Christian foster carer struck off for allowing Muslim girl to convert

A Christian foster carer has been struck off because she allowed a Muslim child in her care to convert to Christianity. The girl, in her late teens, was interested in exploring Christianity before she was placed with the foster carer.

Although the girl’s social workers had appeared to have given a green light for her baptism, officials in the fostering department said her carer had failed in her duty to preserve the girl’s religion and should have used her influence to prevent the baptism from going ahead.

They said the girl should stay away from church for six months, and later struck the carer off the fostering register. The carer, who has over ten years experience looking after more than 80 children, is now challenging the local authority’s decision.

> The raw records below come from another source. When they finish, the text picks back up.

(* Let $S=\mathbb{Q}[x,y]/\langle x^3+xy^2+y^3\rangle$, and let $A_1=\mathbb{Q}[x^2,xy]$ and $A_2=\mathbb{Q}[x,y^2]$ be the subalgebras of $S$ generated by the images of the indicated polynomials. Then $$A_1\cap A_2=\mathbb{Q}[\,x^2,\; x^2y^2+xy^3,\; y^4,\; xy^3,\; y^6,\; xy^5\,]\subseteq S,$$ and these six elements form a subalgebra basis of $A_1\cap A_2$ with respect to the graded reverse lexicographic order with $x>y$.
   Context: For an ideal $I$ of a polynomial ring $R$ with monomial order $<$ and a subalgebra $A\subseteq R/I$, the initial algebra $\operatorname{in}_<(A)$ is the subalgebra of $R/\operatorname{in}_<(I)$ generated by the initial terms (taken with respect to normal forms modulo $I$) of elements of $A$; a set $\{g_j\}\subseteq A$ is a subalgebra basis of $A$ if $\operatorname{in}_<(A)$ is generated by the initial terms of the $g_j$. Here $\operatorname{in}_<(I)=\langle x^3\rangle$. *)

theory Defs
  imports "HOL-Computational_Algebra.Polynomial"
begin

text \<open>Q[x,y] is represented as Q[y][x], i.e. the type rat poly poly:
  the outer polynomial variable is x, the inner one is y.
  The coefficient of the monomial x^a y^b in p is coeff (coeff p a) b.\<close>

type_synonym qpoly = "rat poly poly"

definition Xv :: qpoly where "Xv = [:0, 1:]"
definition Yv :: qpoly where "Yv = [:[:0, 1:]:]"

definition mcoeff :: "qpoly \<Rightarrow> nat \<times> nat \<Rightarrow> rat" where
  "mcoeff p m = coeff (coeff p (fst m)) (snd m)"

definition fS :: qpoly where "fS = Xv ^ 3 + Xv * Yv ^ 2 + Yv ^ 3"

inductive_set alg_gen :: "qpoly set \<Rightarrow> qpoly set" for G :: "qpoly set" where
  const: "[:[:c:]:] \<in> alg_gen G"
| gen: "g \<in> G \<Longrightarrow> g \<in> alg_gen G"
| add: "p \<in> alg_gen G \<Longrightarrow> q \<in> alg_gen G \<Longrightarrow> p + q \<in> alg_gen G"
| mult: "p \<in> alg_gen G \<Longrightarrow> q \<in> alg_gen G \<Longrightarrow> p * q \<in> alg_gen G"

definition in_subalg_S :: "qpoly set \<Rightarrow> qpoly \<Rightarrow> bool" where
  "in_subalg_S G h \<longleftrightarrow> (\<exists>p\<in>alg_gen G. fS dvd (h - p))"

definition grevlex_less :: "nat \<times> nat \<Rightarrow> nat \<times> nat \<Rightarrow> bool" where
  "grevlex_less m n \<longleftrightarrow>
     fst m + snd m < fst n + snd n \<or>
     (fst m + snd m = fst n + snd n \<and> snd m > snd n)"

text \<open>Monomials in the initial ideal in(I) = <x^3> (as given in the context).\<close>
definition in_inI :: "nat \<times> nat \<Rightarrow> bool" where
  "in_inI m \<longleftrightarrow> fst m \<ge> 3"

definition nf :: "qpoly \<Rightarrow> qpoly" where
  "nf h = (THE r. fS dvd (h - r) \<and> (\<forall>m. mcoeff r m \<noteq> 0 \<longrightarrow> \<not> in_inI m))"

definition lead_mon :: "qpoly \<Rightarrow> nat \<times> nat" where
  "lead_mon p = (THE m. mcoeff p m \<noteq> 0 \<and>
       (\<forall>m'. mcoeff p m' \<noteq> 0 \<longrightarrow> m' = m \<or> grevlex_less m' m))"

definition lead_term :: "qpoly \<Rightarrow> qpoly" where
  "lead_term p = (if p = 0 then 0 else
     monom (monom (mcoeff p (lead_mon p)) (snd (lead_mon p))) (fst (lead_mon p)))"

definition init_term :: "qpoly \<Rightarrow> qpoly" where
  "init_term h = lead_term (nf h)"

text \<open>The class of h in R/in(I) = Q[x,y]/<x^3> lies in the subalgebra
  generated by the images of T.\<close>
definition in_subalg_R0 :: "qpoly set \<Rightarrow> qpoly \<Rightarrow> bool" where
  "in_subalg_R0 T h \<longleftrightarrow> (\<exists>p\<in>alg_gen T. Xv ^ 3 dvd (h - p))"

end

theory Submission
  imports Defs "HOL-Library.Product_Lexorder"
begin

text \<open>The substitution \<open>\<sigma> : (x, y) \<mapsto> (-x, -y)\<close> fixes \<open>\<rat>[x\<^sup>2, xy]\<close> pointwise and maps the
  odd cubic \<open>f\<close> to \<open>-f\<close>, so it commutes with taking normal forms modulo \<open>f\<close>; hence the normal
  form of an element of \<open>A\<^sub>1\<close> is \<open>\<sigma>\<close>-invariant, i.e. even. Since \<open>f\<close> has no terms of degree
  \<open>\<le> 2\<close>, congruence modulo \<open>f\<close> preserves the coefficients of \<open>xy\<close> and \<open>y\<^sup>2\<close>, which vanish on
  \<open>\<rat>[x, y\<^sup>2]\<close> and on \<open>\<rat>[x\<^sup>2, xy]\<close> respectively. So the normal form of an element of
  \<open>A\<^sub>1 \<inter> A\<^sub>2\<close> is even without \<open>xy\<close> and \<open>y\<^sup>2\<close> terms, and so is its leading term. Every
  even monomial other than \<open>xy\<close> and \<open>y\<^sup>2\<close> is a product of \<open>1, x\<^sup>2, x\<^sup>3y, x\<^sup>2y\<^sup>2, xy\<^sup>3, y\<^sup>4,
  xy\<^sup>5, y\<^sup>6\<close>. Modulo \<open>f\<close> these lie in the algebra generated by the six given elements
  (\<open>x\<^sup>3y \<equiv> -xy\<^sup>3 - y\<^sup>4\<close>), and modulo \<open>x\<^sup>3\<close> in the algebra generated by their initial terms
  (\<open>x\<^sup>3y \<equiv> 0\<close>). Conversely the six elements lie in \<open>A\<^sub>1\<close> and \<open>A\<^sub>2\<close> by the relations
  \<open>xf, yf, y\<^sup>3f \<equiv> 0\<close>.\<close>

subsection \<open>Monomials\<close>

definition monom_xy :: "nat \<Rightarrow> nat \<Rightarrow> rat \<Rightarrow> qpoly" where
  "monom_xy a b c = monom (monom c b) a"

lemma mcoeff_monom_xy: "mcoeff (monom_xy a b c) m = (if m = (a, b) then c else 0)"
  by (cases m) (auto simp: mcoeff_def monom_xy_def coeff_monom)

lemma mcoeff_add [simp]: "mcoeff (p + q) m = mcoeff p m + mcoeff q m"
  by (simp add: mcoeff_def)

lemma mcoeff_diff [simp]: "mcoeff (p - q) m = mcoeff p m - mcoeff q m"
  by (simp add: mcoeff_def)

lemma mcoeff_minus [simp]: "mcoeff (- p) m = - mcoeff p m"
  by (simp add: mcoeff_def)

lemma mcoeff_0 [simp]: "mcoeff 0 m = 0"
  by (simp add: mcoeff_def)

lemma qpoly_eq_iff: "p = q \<longleftrightarrow> (\<forall>m. mcoeff p m = mcoeff q m)"
  by (auto simp: mcoeff_def poly_eq_iff)

lemma mcoeff_mult:
  "mcoeff (p * q) (a, b) = (\<Sum>i\<le>a. \<Sum>j\<le>b. mcoeff p (i, j) * mcoeff q (a - i, b - j))"
  by (simp add: mcoeff_def coeff_mult coeff_sum)

lemma monom_xy_eq_0_iff [simp]: "monom_xy a b c = 0 \<longleftrightarrow> c = 0"
  by (simp add: monom_xy_def)

lemma monom_xy_mult: "monom_xy a b c * monom_xy a' b' c' = monom_xy (a + a') (b + b') (c * c')"
  by (simp add: monom_xy_def mult_monom)

lemma Xv_power_mult_Yv_power: "Xv ^ a * Yv ^ b = monom_xy a b 1"
proof -
  have x: "[:0, 1:] = monom (1 :: 'a :: comm_semiring_1) 1"
    by (simp add: monom_Suc monom_0)
  have y: "Yv = monom (monom 1 1) 0"
    by (simp add: Yv_def x monom_0)
  have "Xv ^ a = monom 1 a"
    by (simp add: Xv_def x monom_power)
  moreover have "Yv ^ b = monom (monom 1 b) 0"
    by (simp add: y monom_power)
  ultimately show ?thesis
    by (simp add: monom_xy_def mult_monom)
qed

lemma const_eq_monom_xy: "[:[:c:]:] = monom_xy 0 0 c"
  by (simp add: monom_xy_def monom_0)

lemma monom_xy_eq_smult: "monom_xy a b c = [:[:c:]:] * monom_xy a b 1"
  by (simp add: const_eq_monom_xy monom_xy_mult)

lemma qpoly_as_sum_of_monom_xy:
  "p = (\<Sum>a\<le>degree p. \<Sum>b\<le>degree (coeff p a). monom_xy a b (mcoeff p (a, b)))"
proof -
  have "p = (\<Sum>a\<le>degree p. monom (\<Sum>b\<le>degree (coeff p a). monom (coeff (coeff p a) b) b) a)"
    by (simp add: poly_as_sum_of_monoms)
  then show ?thesis
    by (simp add: monom_sum monom_xy_def mcoeff_def)
qed

lemma fS_eq_monom_xy: "fS = monom_xy 3 0 1 + monom_xy 1 2 1 + monom_xy 0 3 1"
  by (simp add: fS_def flip: Xv_power_mult_Yv_power)

lemma mcoeff_fS: "mcoeff fS m = (if m \<in> {(3, 0), (1, 2), (0, 3)} then 1 else 0)"
  by (auto simp: fS_eq_monom_xy mcoeff_monom_xy)

text \<open>Exponents are passed as equations so that numeral instances are obtained by \<open>rule\<close>;
  the simplifier would turn the exponent \<open>1\<close> into \<open>Suc 0\<close> and break the match.\<close>

lemma fS_dvd_monom_xy_relation:
  assumes "a' = a + 3" "a'' = a + 1" "b'' = b + 2" "b' = b + 3"
  shows "fS dvd monom_xy a' b 1 + monom_xy a'' b'' 1 + monom_xy a b' 1"
proof -
  have "monom_xy a b 1 * fS = monom_xy a' b 1 + monom_xy a'' b'' 1 + monom_xy a b' 1"
    by (simp add: assms fS_eq_monom_xy distrib_left monom_xy_mult)
  then show ?thesis
    by (metis dvd_triv_right)
qed

lemma mcoeff_low_degree_eq_0_if_fS_dvd:
  assumes "fS dvd g" "a + b < 3"
  shows "mcoeff g (a, b) = 0"
proof -
  obtain k where "g = fS * k"
    using assms(1) by blast
  then show ?thesis
    using assms(2) by (auto simp: mcoeff_mult mcoeff_fS intro!: sum.neutral)
qed

lemma mcoeff_low_degree_cong:
  "fS dvd p - q \<Longrightarrow> a + b < 3 \<Longrightarrow> mcoeff p (a, b) = mcoeff q (a, b)"
  using mcoeff_low_degree_eq_0_if_fS_dvd[of "p - q" a b] by simp


subsection \<open>The reflection \<open>p(x, y) \<mapsto> p(-x, -y)\<close>\<close>

definition negvars :: "qpoly \<Rightarrow> qpoly" where
  "negvars p = pcompose (map_poly (\<lambda>c. pcompose c [:0, -1:]) p) [:0, -1:]"

lemma mcoeff_negvars: "mcoeff (negvars p) (a, b) = (-1) ^ (a + b) * mcoeff p (a, b)"
proof -
  have "(-1 :: rat poly) ^ n = [:(-1) ^ n:]" for n
    by (induct n) simp_all
  then show ?thesis
    by (simp add: mcoeff_def negvars_def coeff_pcompose_linear coeff_map_poly power_add)
qed

lemma mcoeff_negvars': "mcoeff (negvars p) m = (-1) ^ (fst m + snd m) * mcoeff p m"
  by (cases m) (simp add: mcoeff_negvars)

lemma negvars_diff: "negvars (p - q) = negvars p - negvars q"
  by (simp add: qpoly_eq_iff mcoeff_negvars' algebra_simps)

lemma negvars_add: "negvars (p + q) = negvars p + negvars q"
  by (simp add: qpoly_eq_iff mcoeff_negvars' algebra_simps)

lemma negvars_mult: "negvars (p * q) = negvars p * negvars q"
proof -
  have "mcoeff (negvars (p * q)) (a, b) = mcoeff (negvars p * negvars q) (a, b)" for a b
  proof -
    have "mcoeff (negvars (p * q)) (a, b)
        = (\<Sum>i\<le>a. \<Sum>j\<le>b. (-1) ^ (a + b) * (mcoeff p (i, j) * mcoeff q (a - i, b - j)))"
      by (simp add: mcoeff_negvars mcoeff_mult sum_distrib_left)
    also have "\<dots> = (\<Sum>i\<le>a. \<Sum>j\<le>b. ((-1) ^ (i + j) * mcoeff p (i, j))
                        * ((-1) ^ ((a - i) + (b - j)) * mcoeff q (a - i, b - j)))"
    proof (intro sum.cong refl)
      fix i j assume "i \<in> {..a}" "j \<in> {..b}"
      then have "a + b = (i + j) + ((a - i) + (b - j))"
        by auto
      then show "(-1 :: rat) ^ (a + b) * (mcoeff p (i, j) * mcoeff q (a - i, b - j))
          = ((-1) ^ (i + j) * mcoeff p (i, j)) * ((-1) ^ ((a - i) + (b - j)) * mcoeff q (a - i, b - j))"
        by (simp only: power_add) (simp add: algebra_simps)
    qed
    also have "\<dots> = mcoeff (negvars p * negvars q) (a, b)"
      by (simp add: mcoeff_negvars mcoeff_mult)
    finally show ?thesis .
  qed
  then show ?thesis
    by (auto simp: qpoly_eq_iff)
qed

Her case is being backed by The Christian Institute’s legal defence fund. Neither the carer nor the girl can be named for legal reasons.

The carer is an Anglican who attends a local evangelical church. She said: “I did initially try to discourage her. I offered her alternatives. I offered to find places for her to practise her own religion. I offered to take her to friends or family. But she said to me from the word go, ‘I am interested [in church] and I want to come.’ She sort of burst in.”

The foster carer is devastated at being de-registered. She said: “This is my life. It is not just a job for me. It is a vocation. I love what I do. It is also my entire income. I am a single carer, so that is all I have to live on.”

The Christian Institute’s Mike Judge said: “All people should be free to change or modify their religious beliefs. That surely must be a core human right in any free society. I cannot imagine that an atheist foster carer would be struck off if a Christian child in her care stopped believing in God. This is the sort of double standard which Christians are facing in modern Britain.”